Collected data
(* The function $\widetilde{M_f}$ defined in the context satisfies $\lim_{r\to+\infty}\widetilde{M_f}(r)=-\infty$.
   Context: For $r>\frac23$ let $u_b(r)\in(\frac65,\frac43)$ be the unique $u\in(\frac65,\frac43)$ with $2-u+2q(1-u)=0$ at $q=1+\sqrt{\frac{r+u-2}{r+0.1}}$. Set $q_{f,\pm}(r)=1\pm\sqrt{\frac{r}{r+0.1}}$, $q_{b,\pm}(r)=1\pm\sqrt{\frac{r+u_b(r)-2}{r+0.1}}$, $S(r)=(q_{f,+}-2q_{f,-})+(q_{b,+}-2q_{b,-})$ and $D_0(r)=\frac{2(2-u_b(r))^2}{(r+0.1)S(r)^2}$ (equivalently, $D_0(r)>0$ together with some $\mu_0(r)$ solves $2+\mu=\frac12\sqrt{2D(r+0.1)}(q_{f,+}-2q_{f,-})$ and $u_b+\mu=-\frac12\sqrt{2D(r+0.1)}(q_{b,+}-2q_{b,-})$). Let $\phi(\chi)=(1+e^{-\frac{\sqrt2}{2}\chi})^{-1}$, $\kappa_f(r)=\frac12-\frac{q_{f,-}(r)}{q_{f,+}(r)}$ and $$\widetilde{M_f}(r)=-q_{f,+}(r)\sqrt{\frac{r+0.1}{D_0(r)}}\int_{-\infty}^{\infty}e^{-\sqrt2\kappa_f(r)\chi}\phi'(\chi)^2d\chi+\int_{-\infty}^{\infty}e^{-\sqrt2\kappa_f(r)\chi}\phi'(\chi)\phi(\chi)d\chi .$$ *)

theory Defs
  imports "HOL-Analysis.Analysis"
begin

definition qb_of :: "real \<Rightarrow> real \<Rightarrow> real" where
  "qb_of r u = 1 + sqrt ((r + u - 2) / (r + 0.1))"

definition u_b :: "real \<Rightarrow> real" where
  "u_b r = (THE u. u \<in> {6/5<..<4/3} \<and> 2 - u + 2 * qb_of r u * (1 - u) = 0)"

definition q_fp :: "real \<Rightarrow> real" where
  "q_fp r = 1 + sqrt (r / (r + 0.1))"

definition q_fm :: "real \<Rightarrow> real" where
  "q_fm r = 1 - sqrt (r / (r + 0.1))"

definition q_bp :: "real \<Rightarrow> real" where
  "q_bp r = 1 + sqrt ((r + u_b r - 2) / (r + 0.1))"

definition q_bm :: "real \<Rightarrow> real" where
  "q_bm r = 1 - sqrt ((r + u_b r - 2) / (r + 0.1))"

definition S_fun :: "real \<Rightarrow> real" where
  "S_fun r = (q_fp r - 2 * q_fm r) + (q_bp r - 2 * q_bm r)"

definition D0 :: "real \<Rightarrow> real" where
  "D0 r = 2 * (2 - u_b r)^2 / ((r + 0.1) * (S_fun r)^2)"

definition phi :: "real \<Rightarrow> real" where
  "phi x = 1 / (1 + exp (- (sqrt 2 / 2) * x))"

definition kappa_f :: "real \<Rightarrow> real" where
  "kappa_f r = 1/2 - q_fm r / q_fp r"

definition Mf_tilde :: "real \<Rightarrow> real" where
  "Mf_tilde r =
     - q_fp r * sqrt ((r + 0.1) / D0 r) *
         integral UNIV (\<lambda>x. exp (- sqrt 2 * kappa_f r * x) * (deriv phi x)^2)
     + integral UNIV (\<lambda>x. exp (- sqrt 2 * kappa_f r * x) * deriv phi x * phi x)"

end

(*
  For r >= 2 the root u_b(r) lies in (6/5, 4/3), hence S(r) >= 1 and D_0(r) <= 2/(r + 0.1), so
  the prefactor q_{f,+} sqrt((r + 0.1)/D_0) grows at least like (r + 0.1)/2. Since
  0 <= kappa_f(r) <= 1/2, the tilt exp(-sqrt 2 kappa_f x) never beats the decay of the logistic
  profile: writing E = exp(-x/sqrt 2), phi^2 (1 - phi) = E/(1 + E)^3 and both integrands are
  bounded by exp(-|x|/sqrt 2), uniformly in r. The first integrand is moreover at least 1/128
  on [-1, 0]. Hence Mf_tilde(r) <= C - (r + 0.1)/256 for a constant C.
*)

theory Submission
  imports Defs
begin

lemma u_b_equation_strict_decreasing:
  assumes r: "4/5 \<le> r" and uv: "6/5 < u" "u < v"
  shows "2 - v + 2 * qb_of r v * (1 - v) < 2 - u + 2 * qb_of r u * (1 - u)"
proof -
  have "sqrt ((r + u - 2) / (r + 0.1)) \<le> sqrt ((r + v - 2) / (r + 0.1))"
    using r uv by (intro real_sqrt_le_mono divide_right_mono) auto
  then have mono: "qb_of r u \<le> qb_of r v" by (simp add: qb_of_def)
  have "1 \<le> qb_of r u" using r uv by (simp add: qb_of_def)
  then have "qb_of r u * (u - 1) \<le> qb_of r v * (v - 1)"
    using mono uv by (intro mult_mono) auto
  then show ?thesis using uv by (simp add: algebra_simps)
qed

lemma u_b_equation_unique_root:
  assumes r: "4/5 \<le> r"
  shows "\<exists>!u. u \<in> {6/5<..<4/3} \<and> 2 - u + 2 * qb_of r u * (1 - u) = 0"
proof -
  define f where "f u = 2 - u + 2 * qb_of r u * (1 - u)" for u
  have "(r + 6/5 - 2) / (r + 0.1) < 1" using r by (simp add: divide_less_eq)
  then have "qb_of r (6/5) < 2" by (simp add: qb_of_def)
  then have left: "0 < f (6/5)" by (simp add: f_def)
  have "0 < (r + 4/3 - 2) / (r + 0.1)" using r by simp
  then have "1 < qb_of r (4/3)" by (simp add: qb_of_def)
  then have right: "f (4/3) < 0" by (simp add: f_def)
  have "continuous_on {6/5..4/3} f"
    unfolding f_def qb_of_def using r by (intro continuous_intros) auto
  then obtain u where u: "6/5 \<le> u" "u \<le> 4/3" "f u = 0"
    using IVT2'[of f "4/3" 0 "6/5"] left right by auto
  moreover have "u \<noteq> 6/5" "u \<noteq> 4/3" using left right u(3) by (metis order_less_irrefl)+
  ultimately have u_mem: "u \<in> {6/5<..<4/3}" by auto
  show ?thesis
  proof (rule ex1I[of _ u])
    show "u \<in> {6/5<..<4/3} \<and> 2 - u + 2 * qb_of r u * (1 - u) = 0"
      using u_mem u by (simp add: f_def)
  next
    fix v assume v: "v \<in> {6/5<..<4/3} \<and> 2 - v + 2 * qb_of r v * (1 - v) = 0"
    show "v = u"
      using u_b_equation_strict_decreasing[OF r, of u v] u_b_equation_strict_decreasing[OF r, of v u]
        u_mem v u(3) by (cases u v rule: linorder_cases) (auto simp: f_def)
  qed
qed

lemma u_b_mem: "4/5 \<le> r \<Longrightarrow> u_b r \<in> {6/5<..<4/3}"
  unfolding u_b_def using theI'[OF u_b_equation_unique_root] by blast

lemma integrable_exp_minus_abs:
  fixes a :: real
  assumes a: "0 < a"
  shows "(\<lambda>x. exp (- a * \<bar>x\<bar>)) integrable_on UNIV"
proof -
  let ?f = "\<lambda>x. exp (- a * \<bar>x\<bar>)"
  have "(\<lambda>x. exp (- a * x)) integrable_on {0..}"
    using integrable_on_exp_minus_to_infinity[OF a] .
  then have pos: "?f absolutely_integrable_on {0..}"
    by (intro nonnegative_absolutely_integrable_1) (auto elim: integrable_eq)
  have "(\<lambda>x. ?f (- x)) absolutely_integrable_on {..0}"
    using has_absolute_integral_reflect_real[of "{..0}" "{0..}" ?f] pos by auto
  then have neg: "?f integrable_on {..0}"
    by (simp add: absolutely_integrable_on_def)
  have "{..0} \<inter> {0::real..} = {0}" by auto
  then have negl: "negligible ({..0} \<inter> {0::real..})" by simp
  have "?f integrable_on {0..}"
    using pos by (simp add: absolutely_integrable_on_def)
  moreover have "{..0} \<union> {0..} = (UNIV :: real set)" by auto
  ultimately show ?thesis using integrable_Un[OF negl neg] by metis
qed

lemma sqrt2_half_le_1: "sqrt 2 / 2 \<le> (1::real)"
proof -
  have "sqrt 2 \<le> sqrt (4::real)" by (rule real_sqrt_le_mono) simp
  then show ?thesis by simp
qed

lemma phi_pos: "0 < phi x"
  unfolding phi_def by (simp add: add_pos_pos)

lemma phi_lt_1: "phi x < 1"
  unfolding phi_def by (simp add: add_pos_pos divide_less_eq)

lemma one_minus_phi: "1 - phi x = exp (- (sqrt 2 / 2) * x) / (1 + exp (- (sqrt 2 / 2) * x))"
proof -
  have "0 < 1 + exp (- (sqrt 2 / 2) * x)" by (simp add: add_pos_pos)
  then show ?thesis unfolding phi_def by (simp add: diff_divide_eq_iff del: mult_minus_left)
qed

lemma deriv_phi: "deriv phi x = sqrt 2 / 2 * phi x * (1 - phi x)"
proof -
  define E where "E = exp (- (sqrt 2 / 2) * x)"
  have nz: "1 + exp y \<noteq> 0" for y :: real
    using exp_gt_zero[of y] by linarith
  have "(phi has_real_derivative (sqrt 2 / 2 * E / (1 + E)^2)) (at x)"
    unfolding phi_def[abs_def] E_def
    by (rule derivative_eq_intros refl | simp add: nz)+
       (simp add: nz power2_eq_square)
  then have "deriv phi x = sqrt 2 / 2 * E / (1 + E)^2" by (rule DERIV_imp_deriv)
  also have "\<dots> = sqrt 2 / 2 * phi x * (1 - phi x)"
    unfolding one_minus_phi unfolding phi_def E_def[symmetric] by (simp add: power2_eq_square)
  finally show ?thesis .
qed

lemma continuous_on_phi: "continuous_on UNIV phi"
  unfolding phi_def[abs_def] by (intro continuous_intros) (smt (verit) exp_gt_zero)

lemma phi_le_half:
  assumes "x \<le> 0"
  shows "phi x \<le> 1/2"
proof -
  have "0 \<le> - (sqrt 2 / 2) * x" using assms by (simp add: mult_nonneg_nonpos)
  then have "1 \<le> exp (- (sqrt 2 / 2) * x)" by simp
  then show ?thesis unfolding phi_def by (simp add: divide_le_eq add_pos_pos)
qed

▸ **Exercise prompt**: Copy out, word for word, the part of the entries above that begins at the line with "r = 1 + sqrt ((r" and ends at the line with "r = (q_fp r", including both.

▸ **Solution for this task**:
  "q_bp r = 1 + sqrt ((r + u_b r - 2) / (r + 0.1))"

definition q_bm :: "real \<Rightarrow> real" where
  "q_bm r = 1 - sqrt ((r + u_b r - 2) / (r + 0.1))"

definition S_fun :: "real \<Rightarrow> real" where
  "S_fun r = (q_fp r - 2 * q_fm r) + (q_bp r - 2 * q_bm r)"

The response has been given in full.